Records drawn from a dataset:
------

section \<open>Numerical radius\<close>

lemma norm_selfadjoint_le:
  fixes H :: "'a::complex_inner \<Rightarrow> 'a"
  assumes "bounded_linear H" and selfadjoint: "\<And>x y. cinner (H x) y = cinner x (H y)"
    and bound: "\<And>x. \<bar>Re (cinner (H x) x)\<bar> \<le> W * (norm x)\<^sup>2"
  shows "norm (H x) \<le> W * norm x"
proof -
  interpret H: bounded_linear H by fact
  have swap: "Re (cinner (H y) x) = Re (cinner (H x) y)" for x y
    by (metis selfadjoint Re_cinner_commute)
  \<comment> \<open>Polarization expresses \<open>Re \<langle>H x, y\<rangle>\<close> through the quadratic form, then the parallelogram law bounds it.\<close>
  have polar: "Re (cinner (H x) y) \<le> W * ((norm x)\<^sup>2 + (norm y)\<^sup>2) / 2" for x y
  proof -
    have "4 * Re (cinner (H x) y) = Re (cinner (H (x + y)) (x + y)) - Re (cinner (H (x - y)) (x - y))"
      using swap[of x y]
      by (simp add: H.add H.diff cinner_add_left cinner_add_right cinner_diff_left cinner_diff_right)
    also have "\<dots> \<le> W * (norm (x + y))\<^sup>2 + W * (norm (x - y))\<^sup>2"
      using bound[of "x + y"] bound[of "x - y"] by (simp add: abs_le_iff)
    also have "\<dots> = W * ((norm (x + y))\<^sup>2 + (norm (x - y))\<^sup>2)" by (simp add: distrib_left)
    also have "\<dots> = 2 * W * ((norm x)\<^sup>2 + (norm y)\<^sup>2)" by (simp only: parallelogram_law) (simp add: algebra_simps)
    finally show ?thesis by simp
  qed
  show ?thesis
  proof (cases "H x = 0")
    case True
    show ?thesis
    proof (cases "x = 0")
      case False
      then show ?thesis using True bound[of x] by (simp add: zero_le_mult_iff)
    qed (simp add: True)
  next
    case False
    define y where "y = (norm x / norm (H x)) *\<^sub>R H x"
    have "norm x * norm (H x) = Re (cinner (H x) y)"
      using False by (simp add: y_def cinner_scaleR_right cinner_self_eq_norm_sq power2_eq_square)
    also have "\<dots> \<le> norm x * (W * norm x)"
      using polar[of x y] False by (simp add: y_def power2_eq_square mult_ac)
    finally show ?thesis using False by (cases "x = 0") (simp_all add: H.zero)
  qed
qed

lemma cmod_cinner_le_numrad:
  fixes R :: "'a::complex_inner \<Rightarrow> 'a"
  assumes "bounded_linear R" "norm x = 1"
  shows "cmod (cinner (R x) x) \<le> numrad R"
proof -
  interpret R: bounded_linear R by fact
  obtain K where K: "\<And>x. norm (R x) \<le> norm x * K" using R.bounded by blast
  have "cmod (cinner (R x) x) \<le> K" if "norm x = 1" for x
    using cinner_cauchy_schwarz[of "R x" x] K[of x] that by simp
  then have "bdd_above ((\<lambda>x. cmod (cinner (R x) x)) ` {x. norm x = 1})"
    by (auto simp: bdd_above_def)
  then show ?thesis unfolding numrad_def using assms(2) by (intro cSUP_upper) auto
qed

lemma cmod_cinner_le_numrad_mult:
  fixes R :: "'a::complex_inner \<Rightarrow> 'a"
  assumes "bounded_linear R"
  shows "cmod (cinner (R x) x) \<le> numrad R * (norm x)\<^sup>2"
proof -
  interpret R: bounded_linear R by fact
  show ?thesis
  proof (cases "x = 0")
    case False
    have "cmod (cinner (R ((1 / norm x) *\<^sub>R x)) ((1 / norm x) *\<^sub>R x))
        = cmod (cinner (R x) x) / (norm x)\<^sup>2"
      by (simp add: R.scale cinner_scaleR_left cinner_scaleR_right norm_divide norm_mult power2_eq_square)
    moreover have "cmod (cinner (R ((1 / norm x) *\<^sub>R x)) ((1 / norm x) *\<^sub>R x)) \<le> numrad R"
      using False by (intro cmod_cinner_le_numrad assms) simp
    ultimately show ?thesis using False by (simp add: pos_divide_le_eq)
  qed (simp add: R.zero)
qed

lemma numrad_nonneg:
  fixes R :: "'a::complex_inner \<Rightarrow> 'a"
  assumes "bounded_linear R" "\<exists>x::'a. x \<noteq> 0"
  shows "0 \<le> numrad R"
proof -
  obtain x :: 'a where "x \<noteq> 0" using assms(2) by blast
  then have "norm ((1 / norm x) *\<^sub>R x) = 1" by simp
  then show ?thesis by (meson cmod_cinner_le_numrad[OF assms(1)] norm_ge_zero order_trans)
qed

lemma onorm_re_part_le_numrad:
  fixes R :: "'a::chilbert_space \<Rightarrow> 'a"
  assumes "bounded_clinear R" "\<exists>x::'a. x \<noteq> 0"
  shows "onorm (re_part R) \<le> numrad R"
proof (rule onorm_bound)
  have R: "bounded_linear R" by (rule bounded_clinear_imp_bounded_linear[OF assms(1)])
  show "0 \<le> numrad R" by (rule numrad_nonneg[OF R assms(2)])
  show "norm (re_part R x) \<le> numrad R * norm x" for x
  proof (rule norm_selfadjoint_le[OF bounded_linear_re_part[OF assms(1)]])
    show "cinner (re_part R x) y = cinner x (re_part R y)" for x y
      by (rule cinner_re_part_selfadjoint[OF assms(1)])
    show "\<bar>Re (cinner (re_part R x) x)\<bar> \<le> numrad R * (norm x)\<^sup>2" for x
      using abs_Re_le_cmod[of "cinner (R x) x"] cmod_cinner_le_numrad_mult[OF R, of x]
      by (simp add: Re_cinner_re_part[OF assms(1)])
  qed
qed

lemma onorm_im_part_le_numrad:
  fixes R :: "'a::chilbert_space \<Rightarrow> 'a"
  assumes "bounded_clinear R" "\<exists>x::'a. x \<noteq> 0"
  shows "onorm (im_part R) \<le> numrad R"
proof (rule onorm_bound)
  have R: "bounded_linear R" by (rule bounded_clinear_imp_bounded_linear[OF assms(1)])
  show "0 \<le> numrad R" by (rule numrad_nonneg[OF R assms(2)])
  show "norm (im_part R x) \<le> numrad R * norm x" for x
  proof (rule norm_selfadjoint_le[OF bounded_linear_im_part[OF assms(1)]])
    show "cinner (im_part R x) y = cinner x (im_part R y)" for x y
      by (rule cinner_im_part_selfadjoint[OF assms(1)])
    show "\<bar>Re (cinner (im_part R x) x)\<bar> \<le> numrad R * (norm x)\<^sup>2" for x
      using abs_Im_le_cmod[of "cinner (R x) x"] cmod_cinner_le_numrad_mult[OF R, of x]
      by (simp add: Re_cinner_im_part[OF assms(1)])
  qed
qed

lemma norm_le_onorm_right_inverse_mult_adjoint:
  fixes R L :: "'a::chilbert_space \<Rightarrow> 'a"
  assumes "bounded_clinear R" "bounded_linear L" and right_inverse: "\<And>x. R (L x) = x"
  shows "norm x \<le> onorm L * norm (adjoint R x)"
proof -
  have "(norm x)\<^sup>2 = Re (cinner (L x) (adjoint R x))"
    by (simp add: right_inverse cinner_self_eq_norm_sq flip: cinner_adjoint[OF assms(1)])
  also have "\<dots> \<le> norm (L x) * norm (adjoint R x)" by (rule Re_cinner_cauchy_schwarz)
  also have "\<dots> \<le> onorm L * norm x * norm (adjoint R x)"
    by (intro mult_right_mono onorm[OF assms(2)]) simp
  finally have "norm x * norm x \<le> norm x * (onorm L * norm (adjoint R x))"
    by (simp add: power2_eq_square mult_ac)
  then show ?thesis
    using onorm_pos_le[OF assms(2)] by (cases "x = 0") auto
qed

lemma norm_apply_le_sqrt2_max_onorm_parts:
  fixes R :: "'a::chilbert_space \<Rightarrow> 'a"
  assumes "bounded_clinear R"
    and adjoint_lower: "2 * min ((onorm (re_part R))\<^sup>2) ((onorm (im_part R))\<^sup>2) * (norm x)\<^sup>2
      \<le> (norm (adjoint R x))\<^sup>2"
  shows "norm (R x) \<le> sqrt 2 * max (onorm (re_part R)) (onorm (im_part R)) * norm x"
proof -
  define a b where "a = onorm (re_part R)" and "b = onorm (im_part R)"
  have "a \<ge> 0" "b \<ge> 0"
    unfolding a_def b_def using onorm_pos_le bounded_linear_re_part bounded_linear_im_part assms(1)
    by blast+
  \<comment> \<open>The lower bound on \<open>R\<^sup>* x\<close> cancels the smaller of the two parts.\<close>
  have max_eq: "a\<^sup>2 + b\<^sup>2 - min (a\<^sup>2) (b\<^sup>2) = (max a b)\<^sup>2"
    using \<open>a \<ge> 0\<close> \<open>b \<ge> 0\<close> by (cases "a \<le> b") (simp_all add: max_def min_def power_mono)
  have "(norm (re_part R x))\<^sup>2 \<le> (a * norm x)\<^sup>2"
    unfolding a_def by (intro power_mono onorm bounded_linear_re_part assms(1)) simp
  moreover have "(norm (im_part R x))\<^sup>2 \<le> (b * norm x)\<^sup>2"
    unfolding b_def by (intro power_mono onorm bounded_linear_im_part assms(1)) simp
  ultimately have "(norm (R x))\<^sup>2 \<le> 2 * ((a * norm x)\<^sup>2 + (b * norm x)\<^sup>2) - (norm (adjoint R x))\<^sup>2"
    using power2_norm_apply_add_adjoint[of R x] by (smt (verit))
  also have "\<dots> \<le> 2 * (a\<^sup>2 + b\<^sup>2 - min (a\<^sup>2) (b\<^sup>2)) * (norm x)\<^sup>2"
    using adjoint_lower by (simp add: a_def b_def power_mult_distrib algebra_simps)
  also have "\<dots> = (sqrt 2 * max a b * norm x)\<^sup>2" by (simp add: max_eq power_mult_distrib)
  finally have "norm (R x) \<le> sqrt 2 * max a b * norm x"
    by (rule power2_le_imp_le) (simp add: \<open>a \<ge> 0\<close> le_max_iff_disj)
  then show ?thesis by (simp only: a_def b_def)
qed

lemma Dfun_bound_imp_adjoint_lower:
  fixes R :: "'a::chilbert_space \<Rightarrow> 'a"
  assumes "bounded_clinear R" "bij R" "bounded_clinear (inv R)"
    and "Dfun R \<le> 1 / (onorm (inv R))\<^sup>2"
  shows "2 * min ((onorm (re_part R))\<^sup>2) ((onorm (im_part R))\<^sup>2) * (norm x)\<^sup>2
    \<le> (norm (adjoint R x))\<^sup>2"
proof -
  let ?c = "2 * min ((onorm (re_part R))\<^sup>2) ((onorm (im_part R))\<^sup>2)" and ?m = "onorm (inv R)"
  have adjoint_ge: "norm x \<le> ?m * norm (adjoint R x)"
    using norm_le_onorm_right_inverse_mult_adjoint[OF assms(1)
        bounded_clinear_imp_bounded_linear[OF assms(3)]] assms(2)
    by (simp add: bij_is_surj surj_f_inv_f)
  show ?thesis
  proof (cases "?m = 0")
    case True
    then show ?thesis using adjoint_ge by simp
  next
    case False
    have "?c * (norm x)\<^sup>2 \<le> ?c * (?m * norm (adjoint R x))\<^sup>2"
      using adjoint_ge by (intro mult_left_mono power_mono) auto
    also have "\<dots> = (?c * ?m\<^sup>2) * (norm (adjoint R x))\<^sup>2" by (simp add: power_mult_distrib)
    also have "\<dots> \<le> (norm (adjoint R x))\<^sup>2"
      using assms(4) False by (intro mult_left_le_one_le) (auto simp: Dfun_def field_simps)
    finally show ?thesis .
  qed
qed

theorem corollary2p3:
  fixes R :: "'a::chilbert_space \<Rightarrow> 'a"
  assumes nontriv: "\<exists>x::'a. x \<noteq> 0"
    and bdd: "bounded_clinear R"
    and invertible: "bij R"
    and inv_bdd: "bounded_clinear (inv R)"
    and hD: "Dfun R \<le> 1 / (onorm (inv R))\<^sup>2"
  shows "onorm R \<le> sqrt 2 * numrad R"
proof -
  let ?a = "onorm (re_part R)" and ?b = "onorm (im_part R)"
  have apply_le: "norm (R x) \<le> sqrt 2 * max ?a ?b * norm x" for x
    using Dfun_bound_imp_adjoint_lower[OF bdd invertible inv_bdd hD]
    by (rule norm_apply_le_sqrt2_max_onorm_parts[OF bdd])
  have "max ?a ?b \<le> numrad R"
    using onorm_re_part_le_numrad[OF bdd nontriv] onorm_im_part_le_numrad[OF bdd nontriv] by simp
  then have "sqrt 2 * max ?a ?b * norm x \<le> sqrt 2 * numrad R * norm x" for x
    by (intro mult_right_mono mult_left_mono) simp_all
  then have "norm (R x) \<le> sqrt 2 * numrad R * norm x" for x
    by (rule order_trans[OF apply_le])
  then show ?thesis
    using numrad_nonneg[OF bounded_clinear_imp_bounded_linear[OF bdd] nontriv] by (intro onorm_bound) auto
qed

end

------

Return every line from the entries above that includes the word "moreover".

    moreover have "cmod (cinner (R ((1 / norm x) *\<^sub>R x)) ((1 / norm x) *\<^sub>R x)) \<le> numrad R"
  moreover have "(norm (im_part R x))\<^sup>2 \<le> (b * norm x)\<^sup>2"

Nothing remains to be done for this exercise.